Al-Qaida
et les talibans condamnés à la guérilla
Oussama
Ben Laden et mollah Omar pourraient aussi opter pour une fuite vers le Pakistan.
Eric
Jozsef
Avec la chute
de Kaboul, la guerre s'est déplacée depuis mardi soir dans le sud-est du pays,
les provinces limitrophes du Pakistan se transformant en sorte de réduit
taliban. Hier soir, les responsables de l'Alliance du Nord affirmaient s'être
emparés de la grande ville de Kandahar, le fief du mollah Omar. Ce que
s'empressaient de démentir les «étudiants coraniques». Une chose est sûre:
la bataille a changé de nature et la traque de Ben Laden est entrée dans une
phase nouvelle. Les talibans ne peuvent plus compter que sur un éventuel combat
de guérilla dans certaines vallées des régions montagneuses de Paktika,
Paktia, voire Zabol ou encore dans les zones tribales frontalières avec le
Pakistan. «Une contre-offensive est exclue», avance Jean-Vincent Brisset, spécialiste
des questions militaires auprès de l'institut Iris, «les talibans devraient
pour cela se regrouper. Ils seraient alors impitoyablement bombardés par les
B-52 américains».
A Mazar-i-Charif, à Kaboul comme dans les autres cités septentrionales du
pays, les talibans ont préféré abandonner le terrain plutôt que de tenter de
tenir des positions massivement pilonnées par l'aviation américaine. Les
experts estiment qu'environ les deux tiers des soldats d'Omar ont profité de la
confusion pour faire défection malgré les appels du mollah invitant ses hommes
à «se regrouper, résister et combattre». Environ 15 000 d'entre eux auraient
néanmoins choisi de fuir vers le sud et seraient encore décidés à poursuivre
la lutte, en particulier les quelques milliers de volontaires arabes et
pakistanais qui n'ont plus rien à perdre. Avant de quitter Kaboul, ils auraient
emporté avec eux une bonne partie de leur armement. Les talibans comptent sans
doute sur la bienveillance de la population des provinces du sud-est, d'origine
pachtoune comme la plupart d'entre eux, pour bénéficier d'une protection que
les Afghans du nord et de l'est, (Ouzbeks, Tadjiks et Hazaras) leur avaient ôtée.

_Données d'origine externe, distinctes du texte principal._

lemma qss_hom_diverges_at_infinity:
  fixes \<phi> :: "'a::{topological_group_add, t2_space} \<Rightarrow> 'b::{topological_group_add, t2_space}"
  assumes qss: "quasi_semi_simple TYPE('a)"
    and cont: "continuous_on UNIV \<phi>" and inj: "inj \<phi>"
    and hom: "\<And>x y. \<phi> (x + y) = \<phi> x + \<phi> y"
    and F: "F \<noteq> bot" and inf: "tends_to_infinity F"
  shows "\<not> (\<phi> \<longlongrightarrow> h) F"
proof
  assume lim: "(\<phi> \<longlongrightarrow> h) F"
  from qss obtain A C where C: "compact C"
    and CAC: "(UNIV::'a set) = {c1 + a + c2 | c1 a c2. c1 \<in> C \<and> a \<in> A \<and> c2 \<in> C}"
    and qss_A: "\<And>F. F \<noteq> bot \<Longrightarrow> eventually (\<lambda>g. g \<in> A) F \<Longrightarrow> tends_to_infinity F \<Longrightarrow>
          \<exists>F'. F' \<noteq> bot \<and> F' \<le> F \<and> \<not> compact (closure (U_plus F')) \<and>
               closure (generated_subgroup_add (U_plus F' \<union> U_minus F' \<union> U_zero F')) = UNIV"
    unfolding quasi_semi_simple_def by blast
  have "\<forall>g. \<exists>x y z. x \<in> C \<and> y \<in> A \<and> z \<in> C \<and> x + y + z = g"
  proof
    fix g :: 'a
    have "g \<in> {c1 + a + c2 | c1 a c2. c1 \<in> C \<and> a \<in> A \<and> c2 \<in> C}" using CAC by blast
    then show "\<exists>x y z. x \<in> C \<and> y \<in> A \<and> z \<in> C \<and> x + y + z = g" by blast
  qed
  then obtain c1 a c2 where mem: "\<And>g. c1 g \<in> C \<and> a g \<in> A \<and> c2 g \<in> C"
    and dec: "\<And>g. c1 g + a g + c2 g = g"
    by metis
  have phi_a: "\<phi> (a g) = - \<phi> (c1 g) + \<phi> g + - \<phi> (c2 g)" for g
  proof -
    have "a g = - c1 g + (c1 g + a g + c2 g) + - c2 g" by (simp add: add.assoc)
    then show ?thesis by (simp only: dec hom hom_minus[OF hom])
  qed
  have ev_CC: "eventually (\<lambda>g. (c1 g, c2 g) \<in> C \<times> C) F" using mem by simp
  obtain F1 p where F1: "F1 \<noteq> bot" "F1 \<le> F"
    and lim_c: "((\<lambda>g. (c1 g, c2 g)) \<longlongrightarrow> p) F1"
    using compact_converging_subnet[OF compact_Times[OF C C] F ev_CC] by blast
  have lim_c1: "(c1 \<longlongrightarrow> fst p) F1" and lim_c2: "(c2 \<longlongrightarrow> snd p) F1"
    using tendsto_fst[OF lim_c] tendsto_snd[OF lim_c] by simp_all
  define k where "k = - \<phi> (fst p) + h + - \<phi> (snd p)"
  have "((\<lambda>g. - \<phi> (c1 g) + \<phi> g + - \<phi> (c2 g)) \<longlongrightarrow> k) F1"
    unfolding k_def
    by (intro tendsto_add tendsto_minus continuous_on_tendsto_compose[OF cont]
        lim_c1 lim_c2 tendsto_mono[OF F1(2) lim]) auto
  then have lim_a: "(\<phi> \<longlongrightarrow> k) (filtermap a F1)"
    by (simp only: filterlim_filtermap phi_a)
  have inf_F1: "tends_to_infinity F1"
    using inf F1(2) by (auto simp: tends_to_infinity_def filter_leD)
  have "filtermap a F1 \<noteq> bot" using F1(1) by (simp add: filtermap_bot_iff)
  moreover have "eventually (\<lambda>g. g \<in> A) (filtermap a F1)"
    using mem by (simp add: eventually_filtermap)
  moreover have "tends_to_infinity (filtermap a F1)"
    using inf_F1 mem by (intro tends_to_infinity_middle_factor[OF C _ _ dec]) auto
  ultimately obtain F' where F': "F' \<noteq> bot" "F' \<le> filtermap a F1"
    and noncompact: "\<not> compact (closure (U_plus F'))"
    using qss_A by blast
  have "closure (U_plus F') \<subseteq> {0}"
    using U_plus_trivial_if_hom_converges[OF cont inj hom F'(1) tendsto_mono[OF F'(2) lim_a]]
    by (simp add: closure_minimal)
  then have "compact (closure (U_plus F'))"
    by (rule finite_imp_compact[OF finite_subset]) simp
  with noncompact show False by simp
qed

lemma qss_hom_lifts_limits:
  fixes \<phi> :: "'a::{topological_group_add, t2_space} \<Rightarrow> 'b::{topological_group_add, t2_space}"
  assumes qss: "quasi_semi_simple TYPE('a)"
    and cont: "continuous_on UNIV \<phi>" and inj: "inj \<phi>"
    and hom: "\<And>x y. \<phi> (x + y) = \<phi> x + \<phi> y"
    and F: "F \<noteq> bot" and lim: "(\<phi> \<longlongrightarrow> h) F"
  obtains F1 g where "F1 \<noteq> bot" "F1 \<le> F" "((\<lambda>x. x) \<longlongrightarrow> g) F1" "\<phi> g = h"
proof -
  have "\<not> tends_to_infinity F"
    using qss_hom_diverges_at_infinity[OF qss cont inj hom F] lim by blast
  then obtain K where K: "compact K" "\<not> eventually (\<lambda>x. x \<notin> K) F"
    unfolding tends_to_infinity_def by blast
  have FK: "inf F (principal K) \<noteq> bot"
  proof
    assume "inf F (principal K) = bot"
    then have "eventually (\<lambda>_. False) (inf F (principal K))" by simp
    with K(2) show False unfolding eventually_inf_principal by simp
  qed
  have ev_K: "eventually (\<lambda>x. x \<in> K) (inf F (principal K))"
    by (simp add: eventually_inf_principal)
  obtain F1 g where F1: "F1 \<noteq> bot" "F1 \<le> inf F (principal K)"
    and g: "((\<lambda>x. x) \<longlongrightarrow> g) F1"
    using compact_converging_subnet[OF K(1) FK ev_K] by blast
  have F1_F: "F1 \<le> F" using F1(2) by simp
  have "(\<phi> \<longlongrightarrow> \<phi> g) F1" using continuous_on_tendsto_compose[OF cont g] by simp
  moreover have "(\<phi> \<longlongrightarrow> h) F1" using tendsto_mono[OF F1_F lim] .
  ultimately have "\<phi> g = h" using F1(1) tendsto_unique by blast
  then show ?thesis by (rule that[OF F1(1) F1_F g])
qed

Au-delà, les soldats de mollah Omar auront la possibilité de passer aisément
au Pakistan, à travers une frontière extrêmement poreuse. Depuis toujours,
les contrebandiers sont passés par la région de Paktia, souvent à dos de
dromadaires. A terme, les talibans pourraient aussi tenter d'impliquer le
Pakistan pachtoun dans une sorte de conflit ethnique. En attendant, ils
devraient s'installer dans ces vallées où il sera difficile de les déloger.
En dix ans d'occupation, les Soviétiques n'ont jamais réussi à y imposer leur
ordre.
«Traquer les responsables d'Al-Qaida revient à trouver une aiguille dans une
botte de foin», a rappelé hier le secrétaire américain Donald Rumsfeld. De
toute évidence, Oussama Ben Laden peut lui aussi s'abriter dans des grottes ou
des bunkers souterrains. Mais il va lui être de plus en plus difficile de se déplacer.
Qui plus est en prenant le risque d'être lâché par la population afghane. «Je
suis convaincu que quelqu'un finira par le dénoncer», a d'ailleurs déclaré
hier le ministre britannique de la Défense Geoff Hoon alors que les Etats-Unis
ont mis cinq millions de dollars sur la tête de l'auteur présumé des
attentats du 11 septembre. «Aujourd'hui, il n'a plus qu'un choix», soutient de
son côté Jean-Vincent Brisset: «fuir le plus vite possible».